14) Key mechanistic schematic (figure evidence)
A pathway figure from the 2024 physiologic-medium study explicitly depicts HGPRT deficiency, ZMP accumulation, AMPK/ADSL/mitochondrial consequences, and folate dependence (escuderoferruz2024anewphysiological media f6714473).
Direct quote highlights (from retrieved evidence)
- FDG-PET signature: HPRT1 (Lesch–Nyhan) “uniquely showed glucose hypometabolism across all nine cerebral regions” in a pediatric dystonia FDG-PET cohort study (Tsagkaris et al., 2023; https://doi.org/10.1093/brain/awac439) (tsagkaris2023metabolicpatternsin pages 1-2).
- Brain urate scarcity: human brain uric acid reported as “1% of total purines” with HPRT high and XOR essentially absent (Sekine et al., 2024; https://doi.org/10.1016/j.jbc.2024.107524) (sekine2024significanceandamplification pages 2-4).

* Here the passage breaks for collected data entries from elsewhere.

lemma self_similar_measure_exists: "\<exists>M. self_similar_measure B M"
proof
  define \<mu> where "\<mu> = distr (stream_space (measure_pmf (pmf_of_set (digit_set B)))) borel
    (digit_expansion (length B))"
  have "prob_space \<mu>"
    unfolding \<mu>_def
    by (intro prob_space.prob_space_distr prob_space.prob_space_stream_space prob_space_measure_pmf)
      measurable
  moreover have "emeasure \<mu> A = (\<Sum>d\<in>digit_set B. emeasure \<mu> (ifs_map B d -` A)) / sum_list B"
    if "A \<in> sets borel" for A
    unfolding ifs_map_def card_digit_set[symmetric] \<mu>_def
    using two_le_length digit_set_nonempty digit_set_less_length that
    by (intro self_similar_distr_digit_expansion) auto
  ultimately show "self_similar_measure B \<mu>"
    unfolding self_similar_measure_def by (simp add: \<mu>_def)
qed

lemma self_similar_mu_B: "self_similar_measure B (mu_B B)"
  unfolding mu_B_def
  by (rule theI', rule ex_ex1I[OF self_similar_measure_exists self_similar_measure_unique])

lemma cdf_B_digit_point: "cdf_B B (k / length B) = sum_list (take k B) / sum_list B"
proof -
  interpret self_similar B "mu_B B"
    by unfold_locales (rule self_similar_mu_B)
  show ?thesis
    unfolding cdf_B_def measure_atLeastAtMost_0 by (rule cdf_digit_point)
qed

end

lemma digit_ifs_if_binary_digit_vector:
  "binary_digit_vector N B \<Longrightarrow> digit_ifs B"
  by (simp add: binary_digit_vector_def digit_ifs_def)

theorem theorem2p1:
  fixes N :: nat and B C :: "nat list"
  assumes "binary_digit_vector N B" and "binary_digit_vector N C"
    and "\<forall>k \<in> {1..N-1}. cdf_B B (real k / real N) = cdf_B C (real k / real N)"
  shows "B = C"
proof -
  interpret B: digit_ifs B using assms(1) by (rule digit_ifs_if_binary_digit_vector)
  interpret C: digit_ifs C using assms(2) by (rule digit_ifs_if_binary_digit_vector)
  have len: "length B = N" "length C = N"
    using assms(1,2) by (simp_all add: binary_digit_vector_def)
  show ?thesis
  proof (rule list_eq_if_prefix_sums_proportional)
    fix k assume "k \<le> length B"
    then consider "k = 0" | "k = N" | "k \<in> {1..N-1}"
      using len by force
    then show "sum_list (take k B) * sum_list C = sum_list (take k C) * sum_list B"
    proof cases
      case 3
      then have "real (sum_list (take k B)) / sum_list B = real (sum_list (take k C)) / sum_list C"
        using assms(3) B.cdf_B_digit_point[of k] C.cdf_B_digit_point[of k] len by simp
      then have "real (sum_list (take k B) * sum_list C) = real (sum_list (take k C) * sum_list B)"
        using B.sum_list_pos C.sum_list_pos by (simp only: frac_eq_eq less_irrefl of_nat_mult simp_thms)
      then show ?thesis
        by (simp only: of_nat_eq_iff)
    qed (simp_all add: len mult.commute)
  qed (use len B.digits_01 C.digits_01 B.two_le_sum_list C.two_le_sum_list in auto)
qed

end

Practical implications for therapeutic development
- Modeling conditions matter: physiologic nutrient/folate conditions can reveal disease-relevant phenotypes and potential intervention points (folate sensitivity, AMPK-linked pathways) that may be missed in standard culture (escuderoferruz2024anewphysiological pages 1-2, escuderoferruz2024anewphysiological media f6714473).

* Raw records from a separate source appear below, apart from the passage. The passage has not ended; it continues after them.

lemma poly_eqI_nat:
  fixes p q :: "real poly"
  assumes "\<And>n::nat. poly p (real n) = poly q (real n)"
  shows "p = q"
proof (rule ccontr)
  assume "p \<noteq> q"
  then have "finite {x. poly (p - q) x = 0}" by (intro poly_roots_finite) simp
  moreover have "range real \<subseteq> {x. poly (p - q) x = 0}" using assms by auto
  ultimately have "finite (range (real :: nat \<Rightarrow> real))" by (rule finite_subset[rotated])
  then show False using finite_imageD[of real UNIV] by simp
qed

lemma falling_poly_nonzero: "falling_poly k \<noteq> 0"
  unfolding falling_poly_def by (simp add: prod_zero_iff)

text \<open>Injective maps \<open>{..<k} \<rightarrow> {..<n}\<close>, i.e. proper colourings of a k-clique.\<close>
definition inj_maps :: "nat \<Rightarrow> nat \<Rightarrow> (nat \<Rightarrow> nat) set" where
  "inj_maps k n = {g \<in> {..<k} \<rightarrow>\<^sub>E {..<n}. inj_on g {..<k}}"

lemma card_inj_maps: "real (card (inj_maps k n)) = poly (falling_poly k) (real n)"
proof -
  have "card (inj_maps k n) = prod ((-) n) {0..<k}"
    unfolding inj_maps_def using card_inj_on_subset_funcset[of "{..<k}" "{..<n}" "{..<k}"] by simp
  moreover have "real (prod ((-) n) {0..<k}) = (\<Prod>i<k. real n - real i)"
  proof (cases "k \<le> n")
    case True
    then show ?thesis by (simp add: of_nat_prod atLeast0LessThan of_nat_diff)
  next
    case False
    then have "n \<in> {0..<k}" "n \<in> {..<k}" by auto
    then have "prod ((-) n) {0..<k} = 0" "(\<Prod>i<k. real n - real i) = 0"
      by (auto intro!: prod_zero)
    then show ?thesis by (metis of_nat_0)
  qed
  ultimately show ?thesis by (simp add: falling_poly_def poly_prod)
qed

lemma card_unused_colours:
  assumes g: "g \<in> inj_maps k n" and A: "A \<subseteq> {..<k}"
  shows "int (card ({..<n} - g ` A)) = int n - int (card A)"
proof -
  have img: "g ` A \<subseteq> {..<n}" using g A by (auto simp: inj_maps_def)
  have "inj_on g A" using g inj_on_subset[OF _ A] by (auto simp: inj_maps_def)
  then have "card (g ` A) = card A" by (rule card_image)
  then show ?thesis
    using card_Diff_subset[OF _ img] card_mono[OF _ img] finite_subset[OF img]
    by (simp add: of_nat_diff)
qed

definition cubic_factor :: "real \<Rightarrow> real \<Rightarrow> real \<Rightarrow> real \<Rightarrow> real \<Rightarrow> real \<Rightarrow> real \<Rightarrow> real" where
  "cubic_factor a b c d e f x = (let y = x - (a+b+c+d+e+f) in
     (y+b+c+d)*(y+a+c+e)*(y+a+b+f) - (y+c)*(y+a+b+f) - (y+b)*(y+a+c+e) - (y+a)*(y+b+c+d) + 2*y)"

fun biclique_factor :: "six \<Rightarrow> real poly" where
  "biclique_factor (a,b,c,d,e,f) = (let y = [:- real (a+b+c+d+e+f), 1:] in
     (y + [:real (b+c+d):]) * (y + [:real (a+c+e):]) * (y + [:real (a+b+f):])
     - (y + [:real c:]) * (y + [:real (a+b+f):]) - (y + [:real b:]) * (y + [:real (a+c+e):])
     - (y + [:real a:]) * (y + [:real (b+c+d):]) + smult 2 y)"

lemma poly_biclique_factor:
  "poly (biclique_factor (a,b,c,d,e,f)) x = cubic_factor (real a) (real b) (real c) (real d) (real e) (real f) x"
  unfolding cubic_factor_def by (simp add: Let_def) algebra

definition clique_nbhd :: "six \<Rightarrow> nat \<Rightarrow> nat set" where
  "clique_nbhd T i = {j. j < bsize T \<and> i \<in> bnbrs T j}"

- CNS-focused strategies must address salvage/energy demands: human neuronal reliance on rapid salvage suggests that interventions increasing PRPP availability or modulating salvage flux could be mechanistically relevant, but this remains preclinical (sekine2024significanceandamplification pages 4-7, sekine2024significanceandamplification pages 12-14).
- Circuit-level interventions can be beneficial despite metabolic etiology: GPi DBS can reduce dystonia/self-injury in refractory cases, consistent with basal ganglia network dysfunction (bairddaniel2023singleelectrodedeepbrain pages 1-2).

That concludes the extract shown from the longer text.